Ben-Yisrayl v. State

729 N.E.2d 102, 2000 Ind. LEXIS 483, 2000 WL 680419
CourtIndiana Supreme Court
DecidedMay 25, 2000
Docket45S00-9708-PD-460
StatusPublished
Cited by315 cases

This text of 729 N.E.2d 102 (Ben-Yisrayl v. State) is published on Counsel Stack Legal Research, covering Indiana Supreme Court primary law. Counsel Stack provides free access to over 12 million legal documents including statutes, case law, regulations, and constitutions.

Bluebook
Ben-Yisrayl v. State, 729 N.E.2d 102, 2000 Ind. LEXIS 483, 2000 WL 680419 (Ind. 2000).

Opinion

SHEPARD, Chief Justice.

Appellant Obadyah Ben-Yisrayl, formerly known as Christopher D. Peterson, was convicted of two counts of murder for killing Hija (Eli) and George Balovski in their tailor shop in Gary, Indiana. The jury found him guilty, and the trial court imposed the death penalty. Ben-Yisrayl appealed his convictions and sentence, and we affirmed. Peterson v. State, 674 N.E.2d 528 (Ind.1996), cert. denied, 522 U.S. 1078, 118 S.Ct. 858, 139 L.Ed.2d 757 (1998). The trial court subsequently denied his petition for post-conviction relief. He now appeals that denial. We affirm.

On the afternoon of December 18, 1990, the Balovski brothers were found dead inside their tailor shop from shotgun wounds to the head. A sawed-off shotgun later recovered from Ben-Yisrayl’s apartment fired a spent casing found at the scene. Ben-Yisrayl made incriminating admissions to an acquaintance and gave a formal statement to the police admitting the shootings. Id. at 532.

These two deaths were allegedly part of a shotgun shooting spree in northwestern Indiana involving at least ten victims. (See Appellant’s Br. at 50.) Ben-Yisrayl was charged in five separate informations four for murder, and one for robbery and attempted murder. Of the four murder trials, Ben-Yisrayl was found guilty in two and not guilty in two. These different results are part of the basis upon which he brings his current appeal.

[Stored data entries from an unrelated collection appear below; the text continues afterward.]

lemma edges_memE:
  assumes "e \<in> edges V w"
  obtains a b where "a \<in> V" "b \<in> V" "a \<noteq> b" "e = {a, b}" "0 < w e"
  using assms unfolding edges_def by auto

lemma doubleton_in_edges_iff:
  assumes "a \<in> V" "b \<in> V" "a \<noteq> b"
  shows "{a, b} \<in> edges V w \<longleftrightarrow> 0 < w {a, b}"
  using assms unfolding edges_def by auto

lemma charvec_cut_doubleton:
  assumes "a \<in> V" "b \<in> V" "a \<noteq> b"
  shows "charvec (cut V w X) {a, b} = (if 0 < w {a, b} \<and> (a \<in> X) \<noteq> (b \<in> X) then 1 else 0)"
  using assms card_doubleton_inter_eq_1[of a b X]
  by (simp add: charvec_def cut_def doubleton_in_edges_iff)

lemma cut_Diff:
  assumes "X \<subseteq> V"
  shows "cut V w (V - X) = cut V w X"
proof -
  have "card (e \<inter> (V - X)) = 1 \<longleftrightarrow> card (e \<inter> X) = 1" if e: "e \<in> edges V w" for e
  proof -
    obtain a b where "a \<in> V" "b \<in> V" "a \<noteq> b" "e = {a, b}"
      using e by (blast elim: edges_memE)
    with assms card_doubleton_inter_eq_1[of a b X] card_doubleton_inter_eq_1[of a b "V - X"]
    show ?thesis
      by blast
  qed
  then show ?thesis
    unfolding cut_def by blast
qed

lemma proper_cut_sideI:
  "X \<subseteq> V \<Longrightarrow> X \<noteq> {} \<Longrightarrow> y \<in> V \<Longrightarrow> y \<notin> X \<Longrightarrow> proper_cut_side V X"
  unfolding proper_cut_side_def by blast

lemma bij_betw_crossing_pairs_cut:
  assumes "X \<subseteq> V"
  shows "bij_betw (\<lambda>p. {fst p, snd p}) {p \<in> X \<times> (V - X). 0 < w {fst p, snd p}} (cut V w X)"
proof -
  let ?Q = "{p \<in> X \<times> (V - X). 0 < w {fst p, snd p}}"
  show ?thesis
  proof (rule bij_betwI')
    fix p q assume "p \<in> ?Q" "q \<in> ?Q"
    then show "({fst p, snd p} = {fst q, snd q}) = (p = q)"
      by (cases p, cases q) (auto simp: doubleton_eq_iff)
  next
    fix p assume "p \<in> ?Q"
    then obtain u v where "p = (u, v)" "u \<in> X" "v \<in> V" "v \<notin> X" "0 < w {u, v}"
      by auto
    moreover from this have "u \<in> V" "u \<noteq> v"
      using assms by auto
    ultimately show "{fst p, snd p} \<in> cut V w X"
      by (auto simp: cut_def doubleton_in_edges_iff card_doubleton_inter_eq_1)
  next
    fix e assume "e \<in> cut V w X"
    then obtain a b where ab: "a \<in> V" "b \<in> V" "a \<noteq> b" "e = {a, b}" "0 < w e"
      and "card (e \<inter> X) = 1"
      unfolding cut_def by (blast elim: edges_memE)
    then have "(a \<in> X) \<noteq> (b \<in> X)"
      using card_doubleton_inter_eq_1[OF ab(3)] by simp
    then consider "a \<in> X" "b \<in> V - X" | "b \<in> X" "a \<in> V - X"
      using ab(1,2) by blast
    then show "\<exists>p\<in>?Q. e = {fst p, snd p}"
    proof cases
      case 1
      with ab show ?thesis by (intro bexI[of _ "(a, b)"]) auto
    next
      case 2
      with ab show ?thesis by (intro bexI[of _ "(b, a)"]) (auto simp: insert_commute)
    qed
  qed
qed

lemma cut_weight_eq_double_sum:
  assumes "weight_fun V w" "finite V" "X \<subseteq> V"
  shows "cut_weight V w X = (\<Sum>u\<in>X. \<Sum>v\<in>V - X. w {u, v})"
proof -
  let ?P = "X \<times> (V - X)"
  have "finite ?P"
    using assms(2,3) finite_subset by blast
  have "(\<Sum>u\<in>X. \<Sum>v\<in>V - X. w {u, v}) = (\<Sum>p\<in>?P. w {fst p, snd p})"
    by (simp add: sum.cartesian_product case_prod_beta)
  also have "\<dots> = (\<Sum>p\<in>{p \<in> ?P. 0 < w {fst p, snd p}}. w {fst p, snd p})"
  proof (rule sum.mono_neutral_right[OF \<open>finite ?P\<close>])
    show "\<forall>p\<in>?P - {p \<in> ?P. 0 < w {fst p, snd p}}. w {fst p, snd p} = 0"
      using assms(1,3) unfolding weight_fun_def by (force simp: not_less)
  qed auto
  also have "\<dots> = (\<Sum>e\<in>cut V w X. w e)"
    by (rule sum.reindex_bij_betw[OF bij_betw_crossing_pairs_cut[OF assms(3)]])
  finally show ?thesis
    by (simp add: cut_weight_def)
qed

definition edges_to :: "'a set \<Rightarrow> ('a set \<Rightarrow> real) \<Rightarrow> 'a \<Rightarrow> 'a set \<Rightarrow> 'a set set" where
  "edges_to V w v X = {e \<in> edges V w. \<exists>x\<in>X. e = {v, x}}"

lemma charvec_edges_to_doubleton:
  assumes "a \<in> V" "b \<in> V" "a \<noteq> b"
  shows "charvec (edges_to V w v X) {a, b} =
    (if 0 < w {a, b} \<and> (a = v \<and> b \<in> X \<or> b = v \<and> a \<in> X) then 1 else 0)"
  using assms by (auto simp: charvec_def edges_to_def doubleton_in_edges_iff doubleton_eq_iff)

lemma charvec_cut_insert:
  assumes "X \<subseteq> V" "v \<in> V" "v \<notin> X"
  shows "charvec (cut V w X) + charvec (cut V w {v}) - charvec (cut V w (insert v X))
       = (\<lambda>e. 2 * charvec (edges_to V w v X) e)"
proof
  fix e
  show "(charvec (cut V w X) + charvec (cut V w {v}) - charvec (cut V w (insert v X))) e
       = 2 * charvec (edges_to V w v X) e"
  proof (cases "e \<in> edges V w")
    case False
    then show ?thesis
      by (simp add: charvec_def cut_def edges_to_def)
  next
    case True
    then obtain a b where ab: "a \<in> V" "b \<in> V" "a \<noteq> b" "e = {a, b}" "0 < w e"
      by (blast elim: edges_memE)
    have "0 < w {a, b}"
      using ab by simp
    with ab(1-3) assms(2,3) show ?thesis
      unfolding ab(4) fun_diff_def plus_fun_apply
      by (cases "a \<in> X"; cases "b \<in> X"; cases "a = v"; cases "b = v")
        (simp_all add: charvec_cut_doubleton charvec_edges_to_doubleton)
  qed
qed

lemma charvec_edges_to_in_span:
  assumes "X \<subseteq> V" "v \<in> V" "v \<notin> X"
    and "charvec (cut V w X) \<in> fun_space.span S" "charvec (cut V w {v}) \<in> fun_space.span S"
      "charvec (cut V w (insert v X)) \<in> fun_space.span S"
  shows "charvec (edges_to V w v X) \<in> fun_space.span S"
proof -
  let ?L = "charvec (cut V w X) + charvec (cut V w {v}) - charvec (cut V w (insert v X))"
  have "?L \<in> fun_space.span S"
    using assms(4-6) by (intro fun_space.span_diff fun_space.span_add)
  moreover have "charvec (edges_to V w v X) = (\<lambda>c f x. c * f x) (1 / 2) ?L"
    using charvec_cut_insert[OF assms(1-3)] by (simp add: fun_eq_iff)
  ultimately show ?thesis
    by (simp only: fun_space.span_scale)
qed

lemma cdim_doubleton:
  assumes "a \<noteq> b" "0 < w {a, b}"
  shows "cdim {a, b} w = 1"
proof -
  let ?V = "{a, b}"
  have same_cut: "cut ?V w X = cut ?V w {a}" if "proper_cut_side ?V X" for X
  proof -
    have "X = {a} \<or> X = ?V - {a}"
    proof (cases "a \<in> X")
      case True
      then show ?thesis
        using that unfolding proper_cut_side_def by blast
    next
      case False
      then show ?thesis
        using that assms(1) unfolding proper_cut_side_def by blast
    qed
    then show ?thesis
      using cut_Diff[of "{a}" ?V w] by auto
  qed
  have "proper_cut_side ?V {a}"
    using assms(1) by (intro proper_cut_sideI[where y = b]) auto
  moreover have "cut_weight ?V w {a} \<le> cut_weight ?V w Y" if "proper_cut_side ?V Y" for Y
    using same_cut[OF that] by (simp add: cut_weight_def)
  ultimately have "cut ?V w {a} \<in> min_cuts ?V w"
    unfolding min_cuts_def by blast
  moreover have "min_cuts ?V w \<subseteq> {cut ?V w {a}}"
    unfolding min_cuts_def using same_cut by blast
  ultimately have min_cuts: "min_cuts ?V w = {cut ?V w {a}}"
    by blast
  have "charvec (cut ?V w {a}) {a, b} = 1"
    using assms by (simp add: charvec_cut_doubleton)
  then have "fun_space.independent {charvec (cut ?V w {a})}"
    by (auto simp: fun_eq_iff intro!: exI[of _ "{a, b}"])
  then show ?thesis
    by (intro cdim_eqI[where F = "{cut ?V w {a}}" and B = "{charvec (cut ?V w {a})}"])
      (auto simp: min_cuts fun_space.span_base)
qed

locale extremal_graph =
  fixes n :: nat
  assumes n_ge_3: "3 \<le> n"
begin

definition d :: real where
  "d = real n - 2"

definition pair_weight :: "nat \<Rightarrow> nat \<Rightarrow> real" where
  "pair_weight i j =
     (if j = n - 1 then (if i = n - 2 then d else 1)
      else if i = 0 then (if j = 1 then d else 1)
      else if j = Suc i then d - 1 else 0)"

definition weight :: "nat set \<Rightarrow> real" where
  "weight e = (if card e = 2 then pair_weight (Min e) (Max e) else 0)"

abbreviation V :: "nat set" where
  "V \<equiv> {0..<n}"

lemma d_ge_1: "1 \<le> d"
  using n_ge_3 by (simp add: d_def)

lemma weight_doubleton: "u \<noteq> v \<Longrightarrow> weight {u, v} = pair_weight (min u v) (max u v)"
  by (simp add: weight_def)

lemma weight_nonneg: "0 \<le> weight e"
  using d_ge_1 by (simp add: weight_def pair_weight_def)

lemma weight_fun: "weight_fun V weight"
  unfolding weight_fun_def using weight_nonneg by blast

lemma weight_first_pos: "1 \<le> j \<Longrightarrow> j < n \<Longrightarrow> 0 < weight {0, j}"
  using d_ge_1 by (simp add: weight_doubleton pair_weight_def)

lemma weight_last_pos: "k < n - 1 \<Longrightarrow> 0 < weight {k, n - 1}"
  using d_ge_1 by (simp add: weight_doubleton pair_weight_def)

lemma back_sum_inner:
  assumes "1 \<le> u" "u \<le> n - 2"
  shows "(\<Sum>v<u. pair_weight v u) = d"
proof -
  let ?first = "if u = 1 then d else 1" and ?pred = "if 2 \<le> u then d - 1 else 0"
  have "(\<Sum>v<u. pair_weight v u)
      = (\<Sum>v<u. (if v = 0 then ?first else 0) + (if v = u - 1 then ?pred else 0))"
    by (rule sum.cong) (use assms n_ge_3 in \<open>auto simp: pair_weight_def\<close>)
  also have "\<dots> = ?first + ?pred"
    using assms by (simp add: sum.distrib)
  also have "\<dots> = d"
    using assms by auto
  finally show ?thesis .
qed

lemma back_sum_last: "(\<Sum>v<n - 1. pair_weight v (n - 1)) = 2 * d"
proof -
  have "(\<Sum>v<n - 1. pair_weight v (n - 1)) = (\<Sum>v<n - 1. 1 + (if v = n - 2 then d - 1 else 0))"
    by (rule sum.cong) (use n_ge_3 in \<open>auto simp: pair_weight_def\<close>)
  also have "\<dots> = 2 * d"
    using n_ge_3 by (simp add: sum.distrib d_def) arith
  finally show ?thesis .
qed

lemma forward_sum_first: "(\<Sum>v\<in>{0<..<n}. pair_weight 0 v) = 2 * d"
proof -
  have "(\<Sum>v\<in>{0<..<n}. pair_weight 0 v) = (\<Sum>v\<in>{0<..<n}. 1 + (if v = 1 then d - 1 else 0))"
    by (rule sum.cong) (use n_ge_3 in \<open>auto simp: pair_weight_def\<close>)
  also have "\<dots> = 2 * d"
    using n_ge_3 by (simp add: sum.distrib d_def)
  finally show ?thesis .
qed

lemma forward_sum_inner:
  assumes "1 \<le> u" "u \<le> n - 2"
  shows "(\<Sum>v\<in>{u<..<n}. pair_weight u v) = d"
proof -
  let ?last = "if u = n - 2 then d else 1" and ?succ = "if u \<le> n - 3 then d - 1 else 0"
  have "(\<Sum>v\<in>{u<..<n}. pair_weight u v)
      = (\<Sum>v\<in>{u<..<n}. (if v = n - 1 then ?last else 0) + (if v = Suc u then ?succ else 0))"
    by (rule sum.cong) (use assms n_ge_3 in \<open>auto simp: pair_weight_def\<close>)
  also have "\<dots> = ?last + ?succ"
    using assms n_ge_3 by (simp add: sum.distrib) presburger
  also have "\<dots> = d"
    using assms n_ge_3 by auto
  finally show ?thesis .
qed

Ben-Yisrayl raises several issues for our review, which we restate as:

I. Whether he was denied effective assistance of counsel at pre-trial proceedings when his counsel elected not to seek a change of venue;
II. Whether he was denied effective assistance of counsel at trial;
III. Whether he was denied effective assistance of counsel during the penalty phase when his counsel presented no mitigating evidence in the sentencing hearing before the judge;
TV. Whether the trial court erred in imposing the death penalty in light of the jury’s recommendation to the contrary; and
V. Whether alleged errors in the jury instructions amounted to fundamental error.

Standard of Review for Post-Conviction

Post-conviction procedures do not afford convicts the opportunity for a “super-appeal.” Benefiel v. State, 716 N.E.2d 906, 911 (Ind.1999). Rather, they create a narrow remedy for subsequent collateral challenges to convictions. Id. Petitioners must establish their grounds for relief by a preponderance of the evidence. Ind. PosWConviction Rule 1(5). A petitioner appealing the denial of post-conviction relief labors under an even heavier burden:

On appeal [from the denial of post-conviction relief], petitioner stands in the position of one appealing from a negative judgment. In such cases, it is only where the evidence is without conflict and leads to but one conclusion, and the trial court has reached the opposite conclusion, that the decision will be disturbed as being contrary to law.

*106 Fleenor v. State, 622 N.E.2d 140, 142 (Ind. 1993), cert. denied, 513 U.S. 999, 115 S.Ct. 507, 130 L.Ed.2d 415 (1994). Such a petitioner must show that the evidence, taken as a whole, “leads unerringly and unmistakably to a conclusion opposite to that reached by the trial court.” Weatherford v. State, 619 N.E.2d 915, 917 (Ind.1993).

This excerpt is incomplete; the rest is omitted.